A cidade entrou para o cenário mundial como palco da descoberta mais importante da Física: a Teoria da Relatividade. Um marco que se estendeu para todas as áreas do conhecimento. O absolutismo de Newton deu lugar ao relativismo de Einstein.
Anunciada em 1905, a Teoria da Relatividade de Albert Einstein afirmava que a massa dos corpos deforma o espaço próximo a eles, de modo que um raio luminoso é desviado pela deformação. Esta "curvatura da luz" só poderia ser observada através de um eclipse total do Sol, ou seja, quando a lua fica entre o Sol e a Terra, projetando sua sombra em parte da Terra. Com o eclipse, a luz ofuscante do Sol desaparece e se pode ver o brilho das estrelas próximas.
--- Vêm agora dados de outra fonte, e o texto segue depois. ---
(* Under the standing assumptions below, $(V,+)$ has no normal subgroups invariant under $\mathcal{A}=\langle A,A'\rangle$ other than $0$ and $V$.
   Context: Skew left brace $(B,+,\circ)$: groups $(B,+)$, $(B,\circ)$ with $a\circ(b+c)=a\circ b-a+a\circ c$; $\lambda_a(b)=-a+a\circ b$, $\sigma_a(b)=-a+b+a$, $a*b=-a+a\circ b-b$. Ideal: normal subgroup $I$ of $(B,+)$, $\lambda_a(I)\subseteq I$ for all $a$, normal in $(B,\circ)$. $I*J$ = additive subgroup generated by $\{i*j\}$; $B^{(2)}=B*B$, $B^{(3)}=B^{(2)}*B$. Standing assumptions: $B$ is a finite skew left brace and $X\subseteq B$ with $|X|\ge3$ and $\lambda_a(X)=X$, $\sigma_a(X)=X$ for all $a\in B$; $B$ is additively generated by $X$; the ideal $V$ generated by $\{x-y:x,y\in X\}$ is the smallest non-zero ideal of $B$; $B/V$ is a trivial skew left brace with cyclic additive group; the group $\{\sigma_a\lambda_b|_X:a,b\in V\}$ acts transitively on $X$; and $B^{(3)}=0$. Fix $x\in X$. Let $A\in\mathrm{Aut}(V,+)$ be $Av=x+v-x$ and $A'\in\mathrm{Aut}(V,+)$ the restriction of $\lambda_x$ to $V$; $\mathcal{A}=\langle A,A'\rangle\le\mathrm{Aut}(V)$. *)

theory Defs
  imports "HOL-Algebra.Algebra"
begin

definition addG :: "'a set \<Rightarrow> ('a \<Rightarrow> 'a \<Rightarrow> 'a) \<Rightarrow> 'a monoid" where
  "addG B pl = \<lparr>carrier = B, monoid.mult = pl,
      one = (THE e. e \<in> B \<and> (\<forall>y\<in>B. pl e y = y \<and> pl y e = y))\<rparr>"

definition circG :: "'a set \<Rightarrow> ('a \<Rightarrow> 'a \<Rightarrow> 'a) \<Rightarrow> 'a monoid" where
  "circG B cc = \<lparr>carrier = B, monoid.mult = cc,
      one = (THE e. e \<in> B \<and> (\<forall>y\<in>B. cc e y = y \<and> cc y e = y))\<rparr>"

definition bzero :: "'a set \<Rightarrow> ('a \<Rightarrow> 'a \<Rightarrow> 'a) \<Rightarrow> 'a" where
  "bzero B pl = \<one>\<^bsub>addG B pl\<^esub>"

definition bneg :: "'a set \<Rightarrow> ('a \<Rightarrow> 'a \<Rightarrow> 'a) \<Rightarrow> 'a \<Rightarrow> 'a" where
  "bneg B pl a = inv\<^bsub>addG B pl\<^esub> a"

definition skew_brace :: "'a set \<Rightarrow> ('a \<Rightarrow> 'a \<Rightarrow> 'a) \<Rightarrow> ('a \<Rightarrow> 'a \<Rightarrow> 'a) \<Rightarrow> bool" where
  "skew_brace B pl cc \<longleftrightarrow> group (addG B pl) \<and> group (circG B cc) \<and>
     (\<forall>a\<in>B. \<forall>b\<in>B. \<forall>c\<in>B.
        cc a (pl b c) = pl (pl (cc a b) (bneg B pl a)) (cc a c))"

definition blam :: "'a set \<Rightarrow> ('a \<Rightarrow> 'a \<Rightarrow> 'a) \<Rightarrow> ('a \<Rightarrow> 'a \<Rightarrow> 'a) \<Rightarrow> 'a \<Rightarrow> 'a \<Rightarrow> 'a" where
  "blam B pl cc a b = pl (bneg B pl a) (cc a b)"

definition bsig :: "'a set \<Rightarrow> ('a \<Rightarrow> 'a \<Rightarrow> 'a) \<Rightarrow> 'a \<Rightarrow> 'a \<Rightarrow> 'a" where
  "bsig B pl a b = pl (pl (bneg B pl a) b) a"

definition bstar :: "'a set \<Rightarrow> ('a \<Rightarrow> 'a \<Rightarrow> 'a) \<Rightarrow> ('a \<Rightarrow> 'a \<Rightarrow> 'a) \<Rightarrow> 'a \<Rightarrow> 'a \<Rightarrow> 'a" where
  "bstar B pl cc a b = pl (pl (bneg B pl a) (cc a b)) (bneg B pl b)"

definition brace_ideal :: "'a set \<Rightarrow> ('a \<Rightarrow> 'a \<Rightarrow> 'a) \<Rightarrow> ('a \<Rightarrow> 'a \<Rightarrow> 'a) \<Rightarrow> 'a set \<Rightarrow> bool" where
  "brace_ideal B pl cc I \<longleftrightarrow> I \<lhd> addG B pl \<and>
     (\<forall>a\<in>B. blam B pl cc a ` I \<subseteq> I) \<and> I \<lhd> circG B cc"

definition ideal_gen :: "'a set \<Rightarrow> ('a \<Rightarrow> 'a \<Rightarrow> 'a) \<Rightarrow> ('a \<Rightarrow> 'a \<Rightarrow> 'a) \<Rightarrow> 'a set \<Rightarrow> 'a set" where
  "ideal_gen B pl cc S = \<Inter>{I. brace_ideal B pl cc I \<and> S \<subseteq> I}"

definition brace_prod :: "'a set \<Rightarrow> ('a \<Rightarrow> 'a \<Rightarrow> 'a) \<Rightarrow> ('a \<Rightarrow> 'a \<Rightarrow> 'a) \<Rightarrow> 'a set \<Rightarrow> 'a set \<Rightarrow> 'a set" where
  "brace_prod B pl cc I J =
     generate (addG B pl) {bstar B pl cc i j | i j. i \<in> I \<and> j \<in> J}"

text \<open>B/I is a trivial skew left brace: (a o b) + I = (a + b) + I.\<close>
definition quotient_trivial :: "'a set \<Rightarrow> ('a \<Rightarrow> 'a \<Rightarrow> 'a) \<Rightarrow> ('a \<Rightarrow> 'a \<Rightarrow> 'a) \<Rightarrow> 'a set \<Rightarrow> bool" where
  "quotient_trivial B pl cc I \<longleftrightarrow>
     (\<forall>a\<in>B. \<forall>b\<in>B. pl (bneg B pl (pl a b)) (cc a b) \<in> I)"

definition quotient_add_cyclic :: "'a set \<Rightarrow> ('a \<Rightarrow> 'a \<Rightarrow> 'a) \<Rightarrow> 'a set \<Rightarrow> bool" where
  "quotient_add_cyclic B pl I \<longleftrightarrow>
     (\<exists>g\<in>carrier (addG B pl Mod I). carrier (addG B pl Mod I) = generate (addG B pl Mod I) {g})"

end

theory Submission imports Defs begin

text \<open>Under \<open>B\<^sup>(\<^sup>3\<^sup>) = 0\<close> the identity \<open>(a * b) * c = 0\<close> says \<open>\<lambda>\<^bsub>a * b\<^esub> = id\<close>, so every
\<open>a * b\<close> lies in the kernel \<open>K\<close> of \<open>\<lambda>\<close>, which makes \<open>K\<close> a non-zero ideal, so \<open>V \<subseteq> K\<close> by minimality. As \<open>B/V\<close> is trivial, \<open>\<lambda>\<close> is then a homomorphism
on \<open>(B,+)\<close>. Every generator \<open>y \<in> X\<close> has the form \<open>v + x\<close> with \<open>v \<in> V\<close>, so conjugation by \<open>y\<close>
is conjugation by \<open>x\<close> followed by one by \<open>v\<close>, and \<open>\<lambda>\<^sub>y = \<lambda>\<^sub>v \<lambda>\<^sub>x = \<lambda>\<^sub>x\<close>. Hence an
\<open>\<A>\<close>-invariant normal subgroup \<open>N\<close> of \<open>V\<close> is stable under all additive conjugations and all
\<open>\<lambda>\<^sub>a\<close>; inside \<open>K\<close> the two group structures agree, so \<open>N\<close> is an ideal of \<open>B\<close>, and minimality
of \<open>V\<close> leaves only \<open>N = 0\<close> and \<open>N = V\<close>.\<close>

lemma (in group) generate_image_stable:
  assumes act: "\<And>a b n. a \<in> carrier G \<Longrightarrow> b \<in> carrier G \<Longrightarrow> n \<in> N \<Longrightarrow> \<phi> (a \<otimes> b) n = \<phi> a (\<phi> b n)"
    and unit: "\<And>n. n \<in> N \<Longrightarrow> \<phi> \<one> n = n"
    and S: "S \<subseteq> carrier G"
    and gens: "\<And>s. s \<in> S \<Longrightarrow> \<phi> s ` N = N"
    and c: "c \<in> generate G S"
  shows "\<phi> c ` N = N"
  using c
proof (induction c rule: generate.induct)
  case one
  show ?case using unit by force
next
  case (incl s)
  then show ?case by (rule gens)
next
  case (inv s)
  have s: "s \<in> carrier G" using inv S by blast
  have "\<phi> (inv s) ` N = (\<lambda>n. \<phi> (inv s) (\<phi> s n)) ` N"
    using gens[OF inv] by (metis image_image)
  also have "\<dots> = \<phi> \<one> ` N"
  proof (rule image_cong)
    fix n assume "n \<in> N"
    then show "\<phi> (inv s) (\<phi> s n) = \<phi> \<one> n" using act[of "inv s" s n] s by simp
  qed simp
  also have "\<dots> = N" using unit by force
  finally show ?case .
next
  case (eng a b)
  have "a \<in> carrier G" "b \<in> carrier G"
    using eng.hyps generate_in_carrier[OF S] by auto
  then have "\<phi> (a \<otimes> b) ` N = \<phi> a ` \<phi> b ` N"
    by (auto simp: act image_image intro!: image_cong)
  then show ?case using eng.IH by simp
qed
Para confirmar a "curvatura da luz", e consequentemente, comprovar a Teoria da Relatividade, algumas expedições científicas foram organizadas. Seguindo as previsões de eclipses, os cientistas rumaram para locais específicos. Mas suas tentativas foram frustadas. Uma expedição alemã de 1914, por exemplo, foi impedida por questões políticas. O mau tempo atrapalhou outra, de origem argentina, criada em 1916.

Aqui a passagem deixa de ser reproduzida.